For the international community, this is a clear violation of international law, specifically the Fourth Geneva Convention, which prohibits an occupying power from transferring parts of its own civilian population into the territory it occupies. For UN human rights chief Volker Turk, it represents a dangerous acceleration of an already illegal reality. “If these decisions are implemented, they will undoubtedly accelerate the dispossession of Palestinians and their forcible transfer,” he warned. 

For the settlers in the hills, however, these political moves are interpreted as a green light.

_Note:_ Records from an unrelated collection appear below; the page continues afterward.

text \<open>Bipolar metric space (E,P,d): E, P nonempty subsets of a common ambient type,
  d only meaningful on E x P.\<close>
definition bipolar_metric :: "'a set \<Rightarrow> 'a set \<Rightarrow> ('a \<Rightarrow> 'a \<Rightarrow> real) \<Rightarrow> bool" where
  "bipolar_metric E P d \<longleftrightarrow>
     E \<noteq> {} \<and> P \<noteq> {} \<and>
     (\<forall>e\<in>E. \<forall>f\<in>P. d e f \<ge> 0) \<and>
     (\<forall>e\<in>E. \<forall>f\<in>P. d e f = 0 \<longleftrightarrow> e = f) \<and>
     (\<forall>e\<in>E \<inter> P. \<forall>f\<in>E \<inter> P. d e f = d f e) \<and>
     (\<forall>e\<in>E. \<forall>r\<in>E. \<forall>z\<in>P. \<forall>f\<in>P. d e f \<le> d e z + d r z + d r f)"

definition left_conv :: "('a \<Rightarrow> 'a \<Rightarrow> real) \<Rightarrow> (nat \<Rightarrow> 'a) \<Rightarrow> 'a \<Rightarrow> bool" where
  "left_conv d x y \<longleftrightarrow> (\<lambda>n. d (x n) y) \<longlonglongrightarrow> 0"

definition right_conv :: "('a \<Rightarrow> 'a \<Rightarrow> real) \<Rightarrow> (nat \<Rightarrow> 'a) \<Rightarrow> 'a \<Rightarrow> bool" where
  "right_conv d y x \<longleftrightarrow> (\<lambda>n. d x (y n)) \<longlonglongrightarrow> 0"

definition cauchy_biseq :: "'a set \<Rightarrow> 'a set \<Rightarrow> ('a \<Rightarrow> 'a \<Rightarrow> real) \<Rightarrow> (nat \<Rightarrow> 'a) \<Rightarrow> (nat \<Rightarrow> 'a) \<Rightarrow> bool" where
  "cauchy_biseq E P d x y \<longleftrightarrow>
     (\<forall>n. x n \<in> E) \<and> (\<forall>n. y n \<in> P) \<and>
     (\<forall>\<epsilon>>0. \<exists>N. \<forall>n\<ge>N. \<forall>m\<ge>N. d (x n) (y m) < \<epsilon>)"

definition complete_bipolar :: "'a set \<Rightarrow> 'a set \<Rightarrow> ('a \<Rightarrow> 'a \<Rightarrow> real) \<Rightarrow> bool" where
  "complete_bipolar E P d \<longleftrightarrow> bipolar_metric E P d \<and>
     (\<forall>x y. cauchy_biseq E P d x y \<longrightarrow>
        (\<exists>v\<in>P. left_conv d x v) \<and> (\<exists>u\<in>E. right_conv d y u))"

end

theory Submission
  imports Defs
begin

text \<open>Write \<open>\<Phi>(e,f) = \<Sum>\<^sub>\<upsilon> q\<^sub>\<upsilon>(e,f) \<vartheta>(e,f)\<^sup>\<upsilon>\<close>. The lower bound on \<open>q\<^sub>\<rho>\<close> gives
  \<open>\<vartheta> \<le> (\<Phi>/Q)\<^bsup>1/\<rho>\<^esup>\<close>, so contracting \<open>\<Phi>\<close> by \<open>\<pi>\<close> shrinks the distance between the
  \<open>n\<close>-th iterates like \<open>(\<pi>\<^bsup>1/\<rho>\<^esup>)\<^sup>n\<close>; the orbits of any \<open>e \<in> E\<close>, \<open>f \<in> P\<close> therefore form a
  Cauchy bisequence, whose two limits coincide. Since \<open>q\<^sub>0 = 0\<close> and the \<open>q\<^sub>\<upsilon>\<close> are bounded,
  \<open>\<Phi>(e,f) \<rightarrow> 0\<close> as \<open>\<vartheta>(e,f) \<rightarrow> 0\<close>, which makes \<open>F\<close> continuous and the common limit a fixed
  point. Two fixed points \<open>e, f\<close> satisfy \<open>\<Phi>(e,f) \<le> \<pi> \<Phi>(e,f)\<close>, hence \<open>\<vartheta>(e,f) = 0\<close>.\<close>

lemma bipolar_metric_nonneg:
  "bipolar_metric E P d \<Longrightarrow> e \<in> E \<Longrightarrow> f \<in> P \<Longrightarrow> 0 \<le> d e f"
  unfolding bipolar_metric_def by blast

lemma bipolar_metric_eq_0_iff:
  "bipolar_metric E P d \<Longrightarrow> e \<in> E \<Longrightarrow> f \<in> P \<Longrightarrow> d e f = 0 \<longleftrightarrow> e = f"
  unfolding bipolar_metric_def by blast
(* The matrix $$f(z,w)=\begin{pmatrix} 1+zw & z^2 \\ -w^2 & 1-zw \end{pmatrix} \in \mathrm{SL}_2(\mathbb{C}[z,w])$$ (which is known not to be factorizable as a product of elementary matrices with polynomial entries) can be factorized as a product of $4$ elementary (unipotent upper/lower triangular) matrices with continuous entries on $\mathbb{C}^2$, and as a product of $5$ elementary matrices with holomorphic entries on $\mathbb{C}^2$. Both numbers are minimal in the respective ring (continuous functions, resp. holomorphic functions on $\mathbb{C}^2$). Moreover, any factorization $$f=\begin{pmatrix} 1 & h_1 \\ 0 & 1 \end{pmatrix}\begin{pmatrix} 1 & 0 \\ h_2 & 1 \end{pmatrix}\begin{pmatrix} 1 & h_3 \\ 0 & 1 \end{pmatrix}\begin{pmatrix} 1 & 0 \\ h_4 & 1 \end{pmatrix}$$ by $4$ continuous elementary matrices has to meet the singularity set of the corresponding fibration over $\mathbb{C}^2$, i.e. there is a point of $\mathbb{C}^2$ where $h_2=h_3=0$.
   Context: For $N\ge 4$ the map $\Phi_N\colon\mathbb{C}^N\to\mathrm{SL}_2(\mathbb{C})$ sending $(z_1,\dots,z_N)$ to the product of $N$ alternating elementary matrices with off-diagonal entries $z_1,\dots,z_N$ is a surjective holomorphic map which is submersive exactly outside the set $S_N=\{(z_1,0,\dots,0,z_N)\}$ (all middle variables zero). A factorization of $f\colon\mathbb{C}^2\to\mathrm{SL}_2(\mathbb{C})$ into $N$ elementary factors corresponds to a section of the pull-back fibration $f^*\Phi_N=\{(x,z)\in\mathbb{C}^2\times\mathbb{C}^N : f(x)=\Phi_N(z)\}\to\mathbb{C}^2$; the singularity set is the part lying over $S_N$. *)

theory Defs
  imports "HOL-Analysis.Analysis"
begin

The rhetoric from senior Israeli officials, often promising to “deepen roots” in the land or referring to the West Bank by its biblical names Judea and Samaria, fuels the ideology of the most radical among them. When the state signals that the land is rightfully theirs, violence against the “trespassing” Palestinians is seen not as a crime, but as a patriotic duty. Friday’s rampage was the direct, violent enactment of an annexationist policy. 

The Shadow of Gaza 

The violence in the West Bank is inextricably linked to the war in Gaza. For the past 16 months, the world’s attention has been fixed on the genocidal war that has killed tens of thousands and reduced the Gaza Strip to rubble. But for Palestinians in the West Bank, the war has been a constant, terrifying presence. It has provided cover for an intensified crackdown. 

Military raids have become more frequent and more lethal. Checkpoints have hardened, strangling the economy. And settler violence has surged with impunity. The feeling among Palestinians is that while the world watches Gaza burn, their own existence is being quietly erased. The same military apparatus, the same political ideology, and the same international silence that enabled the destruction in Gaza is now being turned on them with renewed vigor. 

“They think we are just watching,” said a young man in Talfit, who asked not to be named for fear of reprisal. “But we know that what is happening in Gaza is our future. They are testing the world’s reaction. And so far, the world has shown them that they can do whatever they want.” 

The International Response: A Chorus of Condemnation, A Silence of Action 

The condemnations from the UN and human rights groups are swift and principled. Volker Turk’s words are powerful: “We are witnessing rapid steps to change permanently the demography of the occupied Palestinian territory, stripping its people of their lands and forcing them to leave.” 

But for the people of Talfit, whose homes are now marked with shattered windows and whose livelihoods lie in splinters on the hillside, words are not enough. They do not stop the next wave of settlers. They do not rebuild the century-old trees. They do not heal the wounds from the soldiers’ bullets. 

The international community, particularly nations with significant leverage over Israel, remains paralyzed. The United States, while occasionally issuing statements of concern, continues to provide billions in military aid and shields Israel from accountability at the UN Security Council. European nations, while critical, have failed to impose meaningful sanctions or take concrete steps to protect Palestinian civilians or hold violent settlers accountable. 

This diplomatic vacuum is a death sentence for the two-state solution, and increasingly, for the hope that Palestinians can live in freedom and dignity in their own land. As the settlers carve their names into the ruins of Palestinian homes and the ashes of their olive groves, they are not just building illegal outposts. They are building a future of permanent conflict, where the only law is the law of the strongest, and the only rights are those enforced by the barrel of a gun. 

In Talfit, as night fell on Friday, the village was quiet. But it was the tense, fragile quiet of a community holding its breath. The settlers had retreated for now, back to their hilltops. But in the darkness, the farmers knew they would return. The trees are gone, but the land remains. And as long as they draw breath, they will fight to stay on it, armed with nothing but their steadfastness against a foe with the full might of a modern military behind it. This is the tragic, unequal equation of life in the occupied West Bank.